TASK REQUIREMENTS: Each line of the data below containing "text" needs to be listed.

DATASET START

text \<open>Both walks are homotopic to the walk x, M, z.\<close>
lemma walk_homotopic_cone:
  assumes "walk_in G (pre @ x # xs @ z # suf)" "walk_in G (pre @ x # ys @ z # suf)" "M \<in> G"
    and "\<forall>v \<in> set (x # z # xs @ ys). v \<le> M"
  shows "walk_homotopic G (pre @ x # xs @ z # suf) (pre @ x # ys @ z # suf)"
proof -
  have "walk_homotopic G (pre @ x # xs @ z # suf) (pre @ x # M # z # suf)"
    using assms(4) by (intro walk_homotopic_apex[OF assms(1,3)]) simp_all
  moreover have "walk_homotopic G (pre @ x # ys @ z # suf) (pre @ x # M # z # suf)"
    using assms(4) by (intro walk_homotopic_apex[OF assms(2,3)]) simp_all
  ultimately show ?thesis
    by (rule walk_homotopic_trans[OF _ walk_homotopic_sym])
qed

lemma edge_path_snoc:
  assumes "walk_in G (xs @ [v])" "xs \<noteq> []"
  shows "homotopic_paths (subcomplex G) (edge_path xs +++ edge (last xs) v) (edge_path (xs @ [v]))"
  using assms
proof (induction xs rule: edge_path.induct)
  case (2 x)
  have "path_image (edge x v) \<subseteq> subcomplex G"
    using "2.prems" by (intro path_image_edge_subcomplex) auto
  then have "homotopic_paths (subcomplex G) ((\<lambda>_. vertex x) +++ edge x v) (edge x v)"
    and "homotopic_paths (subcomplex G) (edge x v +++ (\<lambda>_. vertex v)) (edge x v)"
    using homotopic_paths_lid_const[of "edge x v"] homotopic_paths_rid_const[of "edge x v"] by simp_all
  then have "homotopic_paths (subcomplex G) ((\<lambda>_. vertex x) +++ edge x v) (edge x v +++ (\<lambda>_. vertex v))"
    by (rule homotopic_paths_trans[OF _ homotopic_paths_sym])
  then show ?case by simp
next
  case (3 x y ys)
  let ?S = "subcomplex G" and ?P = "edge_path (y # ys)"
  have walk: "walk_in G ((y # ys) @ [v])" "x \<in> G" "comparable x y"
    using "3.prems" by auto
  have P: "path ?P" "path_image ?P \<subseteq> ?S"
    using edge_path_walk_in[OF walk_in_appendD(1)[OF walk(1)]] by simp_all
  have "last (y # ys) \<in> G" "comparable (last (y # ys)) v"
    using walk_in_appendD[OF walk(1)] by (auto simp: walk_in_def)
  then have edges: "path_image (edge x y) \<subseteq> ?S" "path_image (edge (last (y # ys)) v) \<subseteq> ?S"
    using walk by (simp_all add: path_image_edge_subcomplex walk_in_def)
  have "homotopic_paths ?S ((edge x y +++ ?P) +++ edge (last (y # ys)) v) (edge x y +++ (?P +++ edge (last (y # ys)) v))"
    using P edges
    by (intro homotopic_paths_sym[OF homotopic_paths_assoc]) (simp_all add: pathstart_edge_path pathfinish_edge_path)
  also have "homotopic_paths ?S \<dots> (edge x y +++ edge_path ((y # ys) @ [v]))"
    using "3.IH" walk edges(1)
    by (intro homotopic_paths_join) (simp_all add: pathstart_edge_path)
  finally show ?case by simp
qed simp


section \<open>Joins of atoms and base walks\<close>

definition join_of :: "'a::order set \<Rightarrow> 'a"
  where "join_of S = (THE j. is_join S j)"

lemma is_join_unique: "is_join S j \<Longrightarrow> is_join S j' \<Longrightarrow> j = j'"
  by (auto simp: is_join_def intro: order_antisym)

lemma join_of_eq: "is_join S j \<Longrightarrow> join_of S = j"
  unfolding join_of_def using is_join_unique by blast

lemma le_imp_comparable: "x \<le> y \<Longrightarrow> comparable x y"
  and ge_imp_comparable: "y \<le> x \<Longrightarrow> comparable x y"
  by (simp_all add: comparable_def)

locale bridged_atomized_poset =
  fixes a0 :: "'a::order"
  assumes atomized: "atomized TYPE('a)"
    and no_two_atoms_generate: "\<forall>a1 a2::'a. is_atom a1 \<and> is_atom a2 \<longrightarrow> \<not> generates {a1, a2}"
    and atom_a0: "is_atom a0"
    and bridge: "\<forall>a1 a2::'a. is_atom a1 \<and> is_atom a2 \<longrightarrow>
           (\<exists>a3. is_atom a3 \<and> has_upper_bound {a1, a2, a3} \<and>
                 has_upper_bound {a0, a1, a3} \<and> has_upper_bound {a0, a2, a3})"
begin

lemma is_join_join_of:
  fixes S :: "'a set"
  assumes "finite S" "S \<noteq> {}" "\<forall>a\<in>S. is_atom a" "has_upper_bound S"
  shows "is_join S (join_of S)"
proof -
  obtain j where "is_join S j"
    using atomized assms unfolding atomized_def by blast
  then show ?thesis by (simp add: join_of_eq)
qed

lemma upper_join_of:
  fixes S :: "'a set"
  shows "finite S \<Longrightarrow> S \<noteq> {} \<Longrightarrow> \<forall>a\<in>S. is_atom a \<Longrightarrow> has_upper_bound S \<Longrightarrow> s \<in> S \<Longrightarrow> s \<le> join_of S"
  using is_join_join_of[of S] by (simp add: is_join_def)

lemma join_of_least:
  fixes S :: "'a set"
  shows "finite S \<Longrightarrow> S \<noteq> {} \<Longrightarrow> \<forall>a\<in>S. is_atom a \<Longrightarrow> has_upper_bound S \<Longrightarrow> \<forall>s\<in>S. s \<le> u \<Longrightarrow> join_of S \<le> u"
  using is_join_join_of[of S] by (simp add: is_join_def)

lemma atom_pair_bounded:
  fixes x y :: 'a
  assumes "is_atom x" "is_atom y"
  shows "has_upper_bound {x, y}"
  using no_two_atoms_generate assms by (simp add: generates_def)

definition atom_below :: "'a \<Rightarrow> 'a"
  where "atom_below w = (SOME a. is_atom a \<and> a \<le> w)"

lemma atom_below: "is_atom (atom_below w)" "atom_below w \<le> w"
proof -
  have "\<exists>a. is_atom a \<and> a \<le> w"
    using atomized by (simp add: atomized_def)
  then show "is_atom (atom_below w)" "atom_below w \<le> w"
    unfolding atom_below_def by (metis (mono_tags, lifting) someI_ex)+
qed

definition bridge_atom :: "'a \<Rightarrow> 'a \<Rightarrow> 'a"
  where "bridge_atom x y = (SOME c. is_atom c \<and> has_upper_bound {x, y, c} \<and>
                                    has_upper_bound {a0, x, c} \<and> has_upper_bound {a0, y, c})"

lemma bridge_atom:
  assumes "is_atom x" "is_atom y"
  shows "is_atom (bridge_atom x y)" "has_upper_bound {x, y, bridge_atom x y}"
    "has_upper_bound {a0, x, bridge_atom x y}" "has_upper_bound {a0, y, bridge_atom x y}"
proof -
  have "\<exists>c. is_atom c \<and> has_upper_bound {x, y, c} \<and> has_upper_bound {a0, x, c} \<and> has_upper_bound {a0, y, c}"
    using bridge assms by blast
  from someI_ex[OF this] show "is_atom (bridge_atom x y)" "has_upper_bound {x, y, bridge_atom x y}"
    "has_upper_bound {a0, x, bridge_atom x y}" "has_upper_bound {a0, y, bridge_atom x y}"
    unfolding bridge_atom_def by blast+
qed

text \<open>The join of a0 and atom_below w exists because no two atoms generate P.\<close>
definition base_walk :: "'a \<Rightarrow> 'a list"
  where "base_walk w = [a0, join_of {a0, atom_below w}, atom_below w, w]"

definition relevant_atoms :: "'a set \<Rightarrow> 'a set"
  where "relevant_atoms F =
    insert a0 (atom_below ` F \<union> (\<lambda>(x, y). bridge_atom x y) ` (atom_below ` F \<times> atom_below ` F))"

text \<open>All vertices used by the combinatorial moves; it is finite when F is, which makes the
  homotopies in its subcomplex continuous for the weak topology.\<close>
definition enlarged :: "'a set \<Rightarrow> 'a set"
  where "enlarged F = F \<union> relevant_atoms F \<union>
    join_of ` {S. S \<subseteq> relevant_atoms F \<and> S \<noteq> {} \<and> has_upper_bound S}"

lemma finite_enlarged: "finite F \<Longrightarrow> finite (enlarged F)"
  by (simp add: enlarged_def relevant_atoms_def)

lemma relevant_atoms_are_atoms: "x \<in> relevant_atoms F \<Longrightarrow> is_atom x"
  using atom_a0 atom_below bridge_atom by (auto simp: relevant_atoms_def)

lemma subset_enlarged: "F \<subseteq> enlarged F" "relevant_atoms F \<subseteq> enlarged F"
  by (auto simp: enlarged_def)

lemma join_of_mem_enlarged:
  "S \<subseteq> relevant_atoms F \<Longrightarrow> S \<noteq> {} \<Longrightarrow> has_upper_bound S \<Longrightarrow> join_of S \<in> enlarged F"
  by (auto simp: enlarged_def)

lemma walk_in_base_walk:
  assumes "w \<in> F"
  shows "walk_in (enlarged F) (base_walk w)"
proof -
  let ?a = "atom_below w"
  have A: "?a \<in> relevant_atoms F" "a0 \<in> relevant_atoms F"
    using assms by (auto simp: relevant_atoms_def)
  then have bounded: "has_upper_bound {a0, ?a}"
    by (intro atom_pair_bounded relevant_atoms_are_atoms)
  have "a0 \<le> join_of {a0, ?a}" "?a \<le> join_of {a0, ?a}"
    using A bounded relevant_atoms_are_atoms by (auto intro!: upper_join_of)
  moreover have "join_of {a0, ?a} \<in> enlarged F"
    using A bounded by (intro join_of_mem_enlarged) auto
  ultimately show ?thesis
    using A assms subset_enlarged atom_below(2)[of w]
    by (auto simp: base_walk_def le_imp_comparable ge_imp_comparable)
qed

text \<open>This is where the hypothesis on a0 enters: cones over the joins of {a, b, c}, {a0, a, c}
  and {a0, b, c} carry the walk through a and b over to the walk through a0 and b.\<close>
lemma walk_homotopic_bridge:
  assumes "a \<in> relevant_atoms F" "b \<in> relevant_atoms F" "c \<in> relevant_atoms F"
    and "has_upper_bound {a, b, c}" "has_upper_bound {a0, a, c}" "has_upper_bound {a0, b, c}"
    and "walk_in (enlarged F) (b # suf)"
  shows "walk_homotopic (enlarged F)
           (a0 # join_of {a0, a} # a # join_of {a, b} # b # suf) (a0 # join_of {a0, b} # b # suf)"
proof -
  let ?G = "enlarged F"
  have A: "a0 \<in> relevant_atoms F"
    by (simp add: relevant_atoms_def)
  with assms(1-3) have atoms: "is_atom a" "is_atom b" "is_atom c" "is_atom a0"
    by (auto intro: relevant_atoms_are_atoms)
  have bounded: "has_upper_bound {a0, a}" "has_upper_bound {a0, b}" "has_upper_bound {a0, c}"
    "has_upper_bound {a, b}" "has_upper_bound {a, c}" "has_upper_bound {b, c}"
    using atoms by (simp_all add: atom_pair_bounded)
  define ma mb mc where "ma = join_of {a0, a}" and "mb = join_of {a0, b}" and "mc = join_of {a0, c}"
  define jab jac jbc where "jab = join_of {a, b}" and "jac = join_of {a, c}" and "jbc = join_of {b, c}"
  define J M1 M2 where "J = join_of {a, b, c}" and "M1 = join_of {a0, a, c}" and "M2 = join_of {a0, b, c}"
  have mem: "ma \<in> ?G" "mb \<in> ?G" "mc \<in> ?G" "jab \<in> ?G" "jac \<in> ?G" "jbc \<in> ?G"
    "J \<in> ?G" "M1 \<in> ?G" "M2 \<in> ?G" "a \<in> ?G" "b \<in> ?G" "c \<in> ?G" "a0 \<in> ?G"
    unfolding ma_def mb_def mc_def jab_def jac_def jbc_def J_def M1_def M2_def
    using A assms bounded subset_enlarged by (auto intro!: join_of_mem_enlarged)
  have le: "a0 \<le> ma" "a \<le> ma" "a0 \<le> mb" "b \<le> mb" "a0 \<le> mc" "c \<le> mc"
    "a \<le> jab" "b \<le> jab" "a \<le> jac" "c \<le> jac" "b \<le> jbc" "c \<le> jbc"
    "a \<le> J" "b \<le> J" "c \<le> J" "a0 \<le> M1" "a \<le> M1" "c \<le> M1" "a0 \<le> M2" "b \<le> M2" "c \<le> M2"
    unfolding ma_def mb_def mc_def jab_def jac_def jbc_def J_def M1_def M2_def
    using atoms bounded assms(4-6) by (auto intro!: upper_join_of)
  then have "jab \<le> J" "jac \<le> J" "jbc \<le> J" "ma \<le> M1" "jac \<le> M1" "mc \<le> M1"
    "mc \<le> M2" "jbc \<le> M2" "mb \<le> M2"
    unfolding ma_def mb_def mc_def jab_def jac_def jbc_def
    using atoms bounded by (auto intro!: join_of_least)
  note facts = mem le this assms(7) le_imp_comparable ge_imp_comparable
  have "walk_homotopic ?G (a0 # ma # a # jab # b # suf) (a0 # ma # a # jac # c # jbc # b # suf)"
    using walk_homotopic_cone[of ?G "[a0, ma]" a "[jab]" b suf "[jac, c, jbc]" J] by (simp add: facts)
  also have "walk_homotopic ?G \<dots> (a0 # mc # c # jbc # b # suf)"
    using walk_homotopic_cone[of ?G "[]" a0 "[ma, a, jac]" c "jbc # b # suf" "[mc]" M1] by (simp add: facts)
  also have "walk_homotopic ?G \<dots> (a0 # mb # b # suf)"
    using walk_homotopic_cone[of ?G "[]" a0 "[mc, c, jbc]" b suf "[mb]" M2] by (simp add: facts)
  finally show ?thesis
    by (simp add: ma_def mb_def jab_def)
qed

DATASET END

THE COMPLETED TASK:
text \<open>Both walks are homotopic to the walk x, M, z.\<close>
text \<open>The join of a0 and atom_below w exists because no two atoms generate P.\<close>
text \<open>All vertices used by the combinatorial moves; it is finite when F is, which makes the
text \<open>This is where the hypothesis on a0 enters: cones over the joins of {a, b, c}, {a0, a, c}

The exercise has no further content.